Description of the task –
Give every line of the listing back, exactly as written.

BEGIN Data under study

(* There exist constants $c,C>0$ and infinitely many $n\in\mathbb{N}$ such that for each of them there is a connected graph $G$ on $n$ vertices of maximum degree $3$, vertices $a,b\in V(G)$, and a set $\mathcal{X}\subseteq V(G)$ with $|\mathcal{X}|\le C\sqrt{n}$ such that, in the geodesic-biased random walk on $G$ with target $b$ and excited set $\mathcal{X}$, started at $a$ (for any choice of the fixed shortest paths), \[\mathbb{E}[\tau_a(b,\mathcal{X})]\ \ge\ c\,\exp\left(\frac{\sqrt[4]{n}}{100}\right).\]
   Context: Geodesic-biased random walk: let $G$ be a finite connected graph, $b\in V(G)$ a target vertex and $\mathcal{X}\subseteq V(G)$ a set of excited vertices. For every vertex $x\neq b$ fix in advance one shortest path (geodesic) in $G$ from $x$ to $b$. A walker moves in discrete time: from an unexcited vertex ($x\notin\mathcal{X}$) she moves to a uniformly random neighbour of $x$; from an excited vertex ($x\in\mathcal{X}$) she moves deterministically to the next vertex on the fixed shortest path from $x$ to $b$. $\tau_a(b,\mathcal{X})$ denotes the first time the walker started at $a$ visits $b$. *)

theory Defs
  imports "HOL-Analysis.Analysis"
begin

definition simple_graph :: "nat \<Rightarrow> (nat \<Rightarrow> nat \<Rightarrow> bool) \<Rightarrow> bool" where
  "simple_graph n E \<longleftrightarrow> (\<forall>x y. E x y \<longrightarrow> x < n \<and> y < n \<and> x \<noteq> y \<and> E y x)"

definition deg :: "nat \<Rightarrow> (nat \<Rightarrow> nat \<Rightarrow> bool) \<Rightarrow> nat \<Rightarrow> nat" where
  "deg n E x = card {y \<in> {..<n}. E x y}"

definition is_walk :: "(nat \<Rightarrow> nat \<Rightarrow> bool) \<Rightarrow> nat list \<Rightarrow> bool" where
  "is_walk E p \<longleftrightarrow> p \<noteq> [] \<and> (\<forall>i. Suc i < length p \<longrightarrow> E (p ! i) (p ! Suc i))"

definition connected_graph :: "nat \<Rightarrow> (nat \<Rightarrow> nat \<Rightarrow> bool) \<Rightarrow> bool" where
  "connected_graph n E \<longleftrightarrow> 0 < n \<and>
     (\<forall>x<n. \<forall>y<n. \<exists>p. is_walk E p \<and> hd p = x \<and> last p = y)"

definition gdist :: "(nat \<Rightarrow> nat \<Rightarrow> bool) \<Rightarrow> nat \<Rightarrow> nat \<Rightarrow> nat" where
  "gdist E x y = (LEAST k. \<exists>p. is_walk E p \<and> hd p = x \<and> last p = y \<and> length p = Suc k)"

definition is_geodesic :: "(nat \<Rightarrow> nat \<Rightarrow> bool) \<Rightarrow> nat \<Rightarrow> nat \<Rightarrow> nat list \<Rightarrow> bool" where
  "is_geodesic E x b p \<longleftrightarrow> is_walk E p \<and> hd p = x \<and> last p = b \<and> length p = Suc (gdist E x b)"

definition gb_trans :: "nat \<Rightarrow> (nat \<Rightarrow> nat \<Rightarrow> bool) \<Rightarrow> nat set \<Rightarrow> (nat \<Rightarrow> nat list)
    \<Rightarrow> nat \<Rightarrow> nat \<Rightarrow> real" where
  "gb_trans n E X geo x y =
     (if x \<in> X then (if y = geo x ! 1 then 1 else 0)
      else (if E x y then 1 / real (deg n E x) else 0))"

text \<open>surv t y = probability that the walk started at a is at y at time t and has not
visited b at any time 0..t.\<close>
fun gb_surv :: "nat \<Rightarrow> (nat \<Rightarrow> nat \<Rightarrow> bool) \<Rightarrow> nat set \<Rightarrow> (nat \<Rightarrow> nat list)
    \<Rightarrow> nat \<Rightarrow> nat \<Rightarrow> nat \<Rightarrow> nat \<Rightarrow> real" where
  "gb_surv n E X geo a b 0 y = (if y = a \<and> y \<noteq> b then 1 else 0)"
| "gb_surv n E X geo a b (Suc t) y =
     (if y = b then 0 else
        (\<Sum>x\<in>{..<n} - {b}. gb_surv n E X geo a b t x * gb_trans n E X geo x y))"

text \<open>P(tau_a(b,X) > t).\<close>
definition gb_tail :: "nat \<Rightarrow> (nat \<Rightarrow> nat \<Rightarrow> bool) \<Rightarrow> nat set \<Rightarrow> (nat \<Rightarrow> nat list)
    \<Rightarrow> nat \<Rightarrow> nat \<Rightarrow> nat \<Rightarrow> real" where
  "gb_tail n E X geo a b t = (\<Sum>y\<in>{..<n} - {b}. gb_surv n E X geo a b t y)"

END Data under study

Answer space –
(* There exist constants $c,C>0$ and infinitely many $n\in\mathbb{N}$ such that for each of them there is a connected graph $G$ on $n$ vertices of maximum degree $3$, vertices $a,b\in V(G)$, and a set $\mathcal{X}\subseteq V(G)$ with $|\mathcal{X}|\le C\sqrt{n}$ such that, in the geodesic-biased random walk on $G$ with target $b$ and excited set $\mathcal{X}$, started at $a$ (for any choice of the fixed shortest paths), \[\mathbb{E}[\tau_a(b,\mathcal{X})]\ \ge\ c\,\exp\left(\frac{\sqrt[4]{n}}{100}\right).\]
   Context: Geodesic-biased random walk: let $G$ be a finite connected graph, $b\in V(G)$ a target vertex and $\mathcal{X}\subseteq V(G)$ a set of excited vertices. For every vertex $x\neq b$ fix in advance one shortest path (geodesic) in $G$ from $x$ to $b$. A walker moves in discrete time: from an unexcited vertex ($x\notin\mathcal{X}$) she moves to a uniformly random neighbour of $x$; from an excited vertex ($x\in\mathcal{X}$) she moves deterministically to the next vertex on the fixed shortest path from $x$ to $b$. $\tau_a(b,\mathcal{X})$ denotes the first time the walker started at $a$ visits $b$. *)

theory Defs
  imports "HOL-Analysis.Analysis"
begin

definition simple_graph :: "nat \<Rightarrow> (nat \<Rightarrow> nat \<Rightarrow> bool) \<Rightarrow> bool" where
  "simple_graph n E \<longleftrightarrow> (\<forall>x y. E x y \<longrightarrow> x < n \<and> y < n \<and> x \<noteq> y \<and> E y x)"

definition deg :: "nat \<Rightarrow> (nat \<Rightarrow> nat \<Rightarrow> bool) \<Rightarrow> nat \<Rightarrow> nat" where
  "deg n E x = card {y \<in> {..<n}. E x y}"

definition is_walk :: "(nat \<Rightarrow> nat \<Rightarrow> bool) \<Rightarrow> nat list \<Rightarrow> bool" where
  "is_walk E p \<longleftrightarrow> p \<noteq> [] \<and> (\<forall>i. Suc i < length p \<longrightarrow> E (p ! i) (p ! Suc i))"

definition connected_graph :: "nat \<Rightarrow> (nat \<Rightarrow> nat \<Rightarrow> bool) \<Rightarrow> bool" where
  "connected_graph n E \<longleftrightarrow> 0 < n \<and>
     (\<forall>x<n. \<forall>y<n. \<exists>p. is_walk E p \<and> hd p = x \<and> last p = y)"

definition gdist :: "(nat \<Rightarrow> nat \<Rightarrow> bool) \<Rightarrow> nat \<Rightarrow> nat \<Rightarrow> nat" where
  "gdist E x y = (LEAST k. \<exists>p. is_walk E p \<and> hd p = x \<and> last p = y \<and> length p = Suc k)"

definition is_geodesic :: "(nat \<Rightarrow> nat \<Rightarrow> bool) \<Rightarrow> nat \<Rightarrow> nat \<Rightarrow> nat list \<Rightarrow> bool" where
  "is_geodesic E x b p \<longleftrightarrow> is_walk E p \<and> hd p = x \<and> last p = b \<and> length p = Suc (gdist E x b)"

definition gb_trans :: "nat \<Rightarrow> (nat \<Rightarrow> nat \<Rightarrow> bool) \<Rightarrow> nat set \<Rightarrow> (nat \<Rightarrow> nat list)
    \<Rightarrow> nat \<Rightarrow> nat \<Rightarrow> real" where
  "gb_trans n E X geo x y =
     (if x \<in> X then (if y = geo x ! 1 then 1 else 0)
      else (if E x y then 1 / real (deg n E x) else 0))"

text \<open>surv t y = probability that the walk started at a is at y at time t and has not
visited b at any time 0..t.\<close>
fun gb_surv :: "nat \<Rightarrow> (nat \<Rightarrow> nat \<Rightarrow> bool) \<Rightarrow> nat set \<Rightarrow> (nat \<Rightarrow> nat list)
    \<Rightarrow> nat \<Rightarrow> nat \<Rightarrow> nat \<Rightarrow> nat \<Rightarrow> real" where
  "gb_surv n E X geo a b 0 y = (if y = a \<and> y \<noteq> b then 1 else 0)"
| "gb_surv n E X geo a b (Suc t) y =
     (if y = b then 0 else
        (\<Sum>x\<in>{..<n} - {b}. gb_surv n E X geo a b t x * gb_trans n E X geo x y))"

text \<open>P(tau_a(b,X) > t).\<close>
definition gb_tail :: "nat \<Rightarrow> (nat \<Rightarrow> nat \<Rightarrow> bool) \<Rightarrow> nat set \<Rightarrow> (nat \<Rightarrow> nat list)
    \<Rightarrow> nat \<Rightarrow> nat \<Rightarrow> nat \<Rightarrow> real" where
  "gb_tail n E X geo a b t = (\<Sum>y\<in>{..<n} - {b}. gb_surv n E X geo a b t y)"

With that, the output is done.